_PROBLEM STATEMENT_. Copy out all lines of the listing below that hold "assumes".

_EXCERPTED RECORDS_.
◆ ◆ ◆ ◆ ◆ ◆ ◆
lemma set_integral_mult_le_tail_integral:
  fixes q h \<phi> :: "real \<Rightarrow> real"
  assumes q: "continuous_on {0..1} q" and q_nonneg: "\<And>s. s \<in> {0..1} \<Longrightarrow> 0 \<le> q s"
    and h_meas [measurable]: "h \<in> borel_measurable lborel" and h: "set_integrable lborel {0..1} h"
    and \<phi>: "continuous_on {0..1} \<phi>"
    and \<phi>_bound: "\<And>s. s \<in> {0..1} \<Longrightarrow> 0 \<le> \<phi> s \<and> \<phi> s \<le> (LINT t:{0..s}|lborel. \<bar>h t\<bar>)"
  shows "(LINT s:{0..1}|lborel. q s * \<phi> s) \<le> (LINT t:{0..1}|lborel. \<bar>h t\<bar> * integral {t..1} q)"
proof -
  define Q where "Q s = q (clamp 0 1 s)" for s
  have [measurable]: "Q \<in> borel_measurable borel"
    unfolding Q_def by (intro borel_measurable_continuous_onI continuous_on_compose_clamp_01[OF q])
  have tail: "(\<integral>\<^sup>+s\<in>{t..1}. ennreal (Q s) \<partial>lborel) = ennreal (integral {t..1} q)"
    and tail_nonneg: "0 \<le> integral {t..1} q" if "t \<in> {0..1}" for t
  proof -
    have "(\<integral>\<^sup>+s\<in>{t..1}. ennreal (Q s) \<partial>lborel) = (\<integral>\<^sup>+s\<in>{t..1}. ennreal (q s) \<partial>lborel)"
      using that by (intro set_nn_integral_cong) (auto simp: Q_def)
    also have "\<dots> = ennreal (integral {t..1} q)"
      using that by (intro set_nn_integral_eq_integral_continuous continuous_on_subset[OF q] q_nonneg) auto
    finally show "(\<integral>\<^sup>+s\<in>{t..1}. ennreal (Q s) \<partial>lborel) = ennreal (integral {t..1} q)" .
    show "0 \<le> integral {t..1} q"
      using that q_nonneg
      by (intro Henstock_Kurzweil_Integration.integral_nonneg integrable_continuous_real
          continuous_on_subset[OF q]) auto
  qed
  have "ennreal (LINT s:{0..1}|lborel. q s * \<phi> s) = (\<integral>\<^sup>+s\<in>{0..1}. ennreal (q s * \<phi> s) \<partial>lborel)"
    using q_nonneg \<phi>_bound
    by (intro set_nn_integral_eq_set_integral_real[symmetric] borel_integrable_atLeastAtMost')
      (auto intro!: continuous_intros q \<phi>)
  also have "\<dots> \<le> (\<integral>\<^sup>+s\<in>{0..1}. ennreal (Q s) * (\<integral>\<^sup>+t\<in>{0..s}. ennreal \<bar>h t\<bar> \<partial>lborel) \<partial>lborel)"
  proof (intro nn_integral_mono)
    fix s :: real
    show "ennreal (q s * \<phi> s) * indicator {0..1} s
        \<le> ennreal (Q s) * (\<integral>\<^sup>+t\<in>{0..s}. ennreal \<bar>h t\<bar> \<partial>lborel) * indicator {0..1} s"
    proof (cases "s \<in> {0..1}")
      case True
      have "set_integrable lborel {0..s} (\<lambda>t. \<bar>h t\<bar>)"
        using True by (intro set_integrable_abs set_integrable_subset[OF h]) auto
      then have "(\<integral>\<^sup>+t\<in>{0..s}. ennreal \<bar>h t\<bar> \<partial>lborel) = ennreal (LINT t:{0..s}|lborel. \<bar>h t\<bar>)"
        by (rule set_nn_integral_eq_set_integral_real) simp
      with True q_nonneg[OF True] \<phi>_bound[OF True] show ?thesis
        by (simp add: Q_def ennreal_mult'[symmetric] mult_left_mono)
    qed simp
  qed
  also have "\<dots> = (\<integral>\<^sup>+t\<in>{0..1}. ennreal \<bar>h t\<bar> * (\<integral>\<^sup>+s\<in>{t..1}. ennreal (Q s) \<partial>lborel) \<partial>lborel)"
    by (rule nn_integral_triangle_swap) measurable
  also have "\<dots> = (\<integral>\<^sup>+t\<in>{0..1}. ennreal (\<bar>h t\<bar> * integral {t..1} q) \<partial>lborel)"
    by (intro set_nn_integral_cong) (simp_all add: tail tail_nonneg ennreal_mult')
  also have "\<dots> = ennreal (LINT t:{0..1}|lborel. \<bar>h t\<bar> * integral {t..1} q)"
  proof (rule set_nn_integral_eq_set_integral_real)
    have "continuous_on {0..1} (\<lambda>t. integral {t..1} q)"
      by (intro indefinite_integral_continuous_1' integrable_continuous_real q)
    then have "set_integrable lborel {0..1} (\<lambda>t. integral {t..1} q * \<bar>h t\<bar>)"
      by (rule set_integrable_continuous_mult[OF _ _ set_integrable_abs[OF h]]) measurable
    then show "set_integrable lborel {0..1} (\<lambda>t. \<bar>h t\<bar> * integral {t..1} q)"
      by (simp only: mult.commute)
  qed (use tail_nonneg in simp)
  finally show ?thesis
    using set_integral_nonneg_real[of "{0..1}" "\<lambda>t. \<bar>h t\<bar> * integral {t..1} q"] tail_nonneg
    by (simp add: ennreal_le_iff)
qed

lemma set_integral_mult_le_half_sum_squares:
  fixes f g :: "'a \<Rightarrow> real"
  assumes "set_integrable M A (\<lambda>x. f x * g x)"
    "set_integrable M A (\<lambda>x. (f x)\<^sup>2)" "set_integrable M A (\<lambda>x. (g x)\<^sup>2)"
  shows "(LINT x:A|M. f x * g x) \<le> ((LINT x:A|M. (f x)\<^sup>2) + (LINT x:A|M. (g x)\<^sup>2)) / 2"
proof -
  have "(LINT x:A|M. f x * g x) \<le> (LINT x:A|M. ((f x)\<^sup>2 + (g x)\<^sup>2) / 2)"
  proof (rule set_integral_mono[OF assms(1)])
    show "set_integrable M A (\<lambda>x. ((f x)\<^sup>2 + (g x)\<^sup>2) / 2)"
      using assms(2,3) by (intro set_integrable_divide set_integral_add)
    show "f x * g x \<le> ((f x)\<^sup>2 + (g x)\<^sup>2) / 2" for x
      using sum_squares_ge_zero[of "f x - g x" 0] by (simp add: power2_eq_square algebra_simps)
  qed
  also have "\<dots> = ((LINT x:A|M. (f x)\<^sup>2) + (LINT x:A|M. (g x)\<^sup>2)) / 2"
    using assms(2,3) by (simp add: set_integral_add set_integral_divide_zero)
  finally show ?thesis .
qed

lemma set_integral_eq_0_if_square_integral_nonpos:
  fixes h :: "'a \<Rightarrow> real"
  assumes "set_integrable M A (\<lambda>x. (h x)\<^sup>2)" "(LINT x:A|M. (h x)\<^sup>2) \<le> 0" "B \<subseteq> A"
  shows "(LINT x:B|M. h x) = 0"
proof -
  have "(LINT x:A|M. (h x)\<^sup>2) = 0"
    using assms(2) set_integral_nonneg_real[of A "\<lambda>x. (h x)\<^sup>2" M] by simp
  then have "AE x in M. indicator A x * (h x)\<^sup>2 = 0"
    using assms(1) integral_nonneg_eq_0_iff_AE[of M "\<lambda>x. indicator A x * (h x)\<^sup>2"]
    by (simp add: set_integrable_def set_lebesgue_integral_def)
  then have "AE x in M. indicator B x *\<^sub>R h x = 0"
    by eventually_elim (use assms(3) in \<open>auto simp: indicator_def\<close>)
  then show ?thesis
    unfolding set_lebesgue_integral_def by (rule integral_eq_zero_AE)
qed

lemma continuous_nonneg_set_integral_eq_0_imp:
  fixes f :: "real \<Rightarrow> real"
  assumes "continuous_on {a..b} f" "\<And>x. x \<in> {a..b} \<Longrightarrow> 0 \<le> f x"
    "(LINT x:{a..b}|lborel. f x) = 0" "a < b" "x \<in> {a..b}"
  shows "f x = 0"
proof -
  have "(f has_integral 0) (cbox a b)"
    using assms(3) set_borel_integral_eq_integral[OF borel_integrable_atLeastAtMost'[OF assms(1)]]
    by (simp add: has_integral_integral integrable_continuous_real[OF assms(1)] flip: assms(3))
  then show ?thesis
    using assms by (intro has_integral_0_cbox_imp_0[of a b f]) auto
qed

lemma integral_exp_tail:
  fixes L y :: real
  assumes "0 < L" "y \<le> 1"
  shows "integral {y..1} (\<lambda>s. exp (L * (1 - s))) = (exp (L * (1 - y)) - 1) / L"
proof -
  have "((\<lambda>s. - exp (L * (1 - s)) / L) has_vector_derivative exp (L * (1 - x))) (at x within {y..1})"
    for x
    using assms
    by (auto intro!: derivative_eq_intros simp flip: has_real_derivative_iff_has_vector_derivative)
  from fundamental_theorem_of_calculus[OF assms(2) this]
  show ?thesis using assms by (simp add: integral_unique field_simps)
qed

section \<open>Existence of a solution by shooting\<close>

text \<open>\<open>\<integral>\<^sub>y\<^sup>1 (s - y) Q(s) ds = \<integral>\<^sub>y\<^sup>1 \<integral>\<^sub>t\<^sup>1 Q\<close>: the solution of \<open>v'' = Q\<close> with \<open>v(1) = v'(1) = 0\<close>.\<close>
definition tail_double_integral :: "(real \<Rightarrow> real) \<Rightarrow> real \<Rightarrow> real" where
  "tail_double_integral Q y = integral {y..1} (\<lambda>s. (s - y) * Q s)"
(* If a n lies in the cone around c + n v, then lim a lies in the cone around v,
   since the directions (c + n v) / (n + 1) tend to v. *)
lemma in_cone_limit_asymptotic_direction:
  assumes "a \<longlonglongrightarrow> A" "\<And>n. in_cone \<delta> (a n) (c + of_nat n * v)"
  shows "in_cone \<delta> A v"
proof (rule in_cone_limit[OF assms(1)])
  have "(\<lambda>n. (c - v) / of_nat (Suc n) + v) \<longlonglongrightarrow> 0 + v"
    by (intro tendsto_add tendsto_const LIMSEQ_Suc[OF lim_const_over_n])
  moreover have "(c - v) / of_nat (Suc n) + v = of_real (inverse (Suc n)) * (c + of_nat n * v)" for n
    by (simp add: field_simps del: of_nat_Suc) (simp add: algebra_simps)
  ultimately show "(\<lambda>n. of_real (inverse (Suc n)) * (c + of_nat n * v)) \<longlonglongrightarrow> v" by simp
  show "in_cone \<delta> (a n) (of_real (inverse (Suc n)) * (c + of_nat n * v))" for n
    using assms(2) in_cone_scale_iff[of "inverse (Suc n)"] by simp
qed

(* A sequence whose forward increments all lie in the cone around the unit vector u and
   whose u-component is bounded above converges: the u-component is increasing and
   controls the size of every increment. *)
lemma in_cone_chain_convergent:
  fixes F :: "nat \<Rightarrow> complex"
  assumes \<delta>: "\<delta> > 0" and u: "cmod u = 1"
    and chain: "\<And>n m. n \<le> m \<Longrightarrow> in_cone \<delta> (F m - F n) u"
    and bounded: "\<And>n. Re (F n * cnj u) \<le> B"
  shows "convergent F"
proof -
  define h where "h n = Re (F n * cnj u)" for n
  have "incseq h"
  proof (rule incseq_SucI)
    fix n
    have "Re ((F (Suc n) - F n) * cnj u) \<ge> 0"
      using in_cone_Re_nonneg[OF _ chain[of n "Suc n"]] \<delta> by simp
    then show "h n \<le> h (Suc n)" by (simp add: h_def algebra_simps)
  qed
  moreover have "bdd_above (range h)" unfolding h_def by (rule bdd_aboveI2[of _ _ B]) (rule bounded)
  ultimately have "Cauchy h"
    using LIMSEQ_incseq_SUP convergent_Cauchy by (auto simp: convergent_def)
  have step: "cmod (F m - F n) \<le> \<bar>h m - h n\<bar> / \<delta>" for n m
  proof -
    have ordered: "cmod (F m - F n) \<le> (h m - h n) / \<delta>" if "n \<le> m" for n m
      using chain[OF that] u \<delta> by (simp add: in_cone_def h_def field_simps)
    have "(h m - h n) / \<delta> \<le> \<bar>h m - h n\<bar> / \<delta>" "(h n - h m) / \<delta> \<le> \<bar>h m - h n\<bar> / \<delta>"
      using \<delta> by (simp_all add: divide_right_mono)
    moreover have "cmod (F m - F n) = cmod (F n - F m)" by (rule norm_minus_commute)
    ultimately show ?thesis
      by (cases "n \<le> m") (use ordered[of n m] ordered[of m n] in linarith)+
  qed
  have "Cauchy F"
  proof (rule metric_CauchyI)
    fix e :: real assume "e > 0"
    then obtain M where M: "\<And>m n. m \<ge> M \<Longrightarrow> n \<ge> M \<Longrightarrow> dist (h m) (h n) < e * \<delta>"
      using \<open>Cauchy h\<close> \<delta> unfolding Cauchy_def by (meson mult_pos_pos)
    have "dist (F m) (F n) < e" if "m \<ge> M" "n \<ge> M" for m n
    proof -
      have "\<bar>h m - h n\<bar> / \<delta> < e" using M[OF that] \<delta> by (simp add: dist_real_def pos_divide_less_eq)
      then show ?thesis using step[of m n] by (simp add: dist_norm)
    qed
    then show "\<exists>M. \<forall>m\<ge>M. \<forall>n\<ge>M. dist (F m) (F n) < e" by blast
  qed
  then show ?thesis using Cauchy_convergent_iff by blast
qed
lemma gen_det_triangular:
  fixes M :: "'a \<Rightarrow> 'a \<Rightarrow> complex" and w :: "'a \<Rightarrow> int"
  assumes fin: "finite S"
    and tri: "\<And>I J. I \<in> S \<Longrightarrow> J \<in> S \<Longrightarrow> M I J \<noteq> 0 \<Longrightarrow> I \<noteq> J \<Longrightarrow> w I < w J"
  shows "gen_det S M = (\<Prod>I\<in>S. M I I)"
proof -
  let ?g = "\<lambda>p. of_int (sign p) * (\<Prod>i\<in>S. M i (p i))"
  have vanish: "?g p = 0" if "p permutes S" "p \<noteq> id" for p
  proof (rule ccontr)
    assume "?g p \<noteq> 0"
    then have "\<forall>i\<in>S. M i (p i) \<noteq> 0" using fin by auto
    then have "p = id"
      using permutes_eq_id_if_weight_increasing[OF fin that(1)] tri that(1)
      by (metis permutes_in_image)
    with that show False by simp
  qed
  have "gen_det S M = sum ?g {p. p permutes S}" unfolding gen_det_def by simp
  also have "\<dots> = sum ?g {id}"
    by (rule sum.mono_neutral_right) (use fin vanish permutes_id in \<open>auto simp: finite_permutations\<close>)
  finally show ?thesis by simp
qed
◆ ◆ ◆ ◆ ◆ ◆ ◆
_TASK OUTPUT_.
  assumes q: "continuous_on {0..1} q" and q_nonneg: "\<And>s. s \<in> {0..1} \<Longrightarrow> 0 \<le> q s"
  assumes "set_integrable M A (\<lambda>x. f x * g x)"
  assumes "set_integrable M A (\<lambda>x. (h x)\<^sup>2)" "(LINT x:A|M. (h x)\<^sup>2) \<le> 0" "B \<subseteq> A"
  assumes "continuous_on {a..b} f" "\<And>x. x \<in> {a..b} \<Longrightarrow> 0 \<le> f x"
  assumes "0 < L" "y \<le> 1"
  assumes "a \<longlonglongrightarrow> A" "\<And>n. in_cone \<delta> (a n) (c + of_nat n * v)"
  assumes \<delta>: "\<delta> > 0" and u: "cmod u = 1"
  assumes fin: "finite S"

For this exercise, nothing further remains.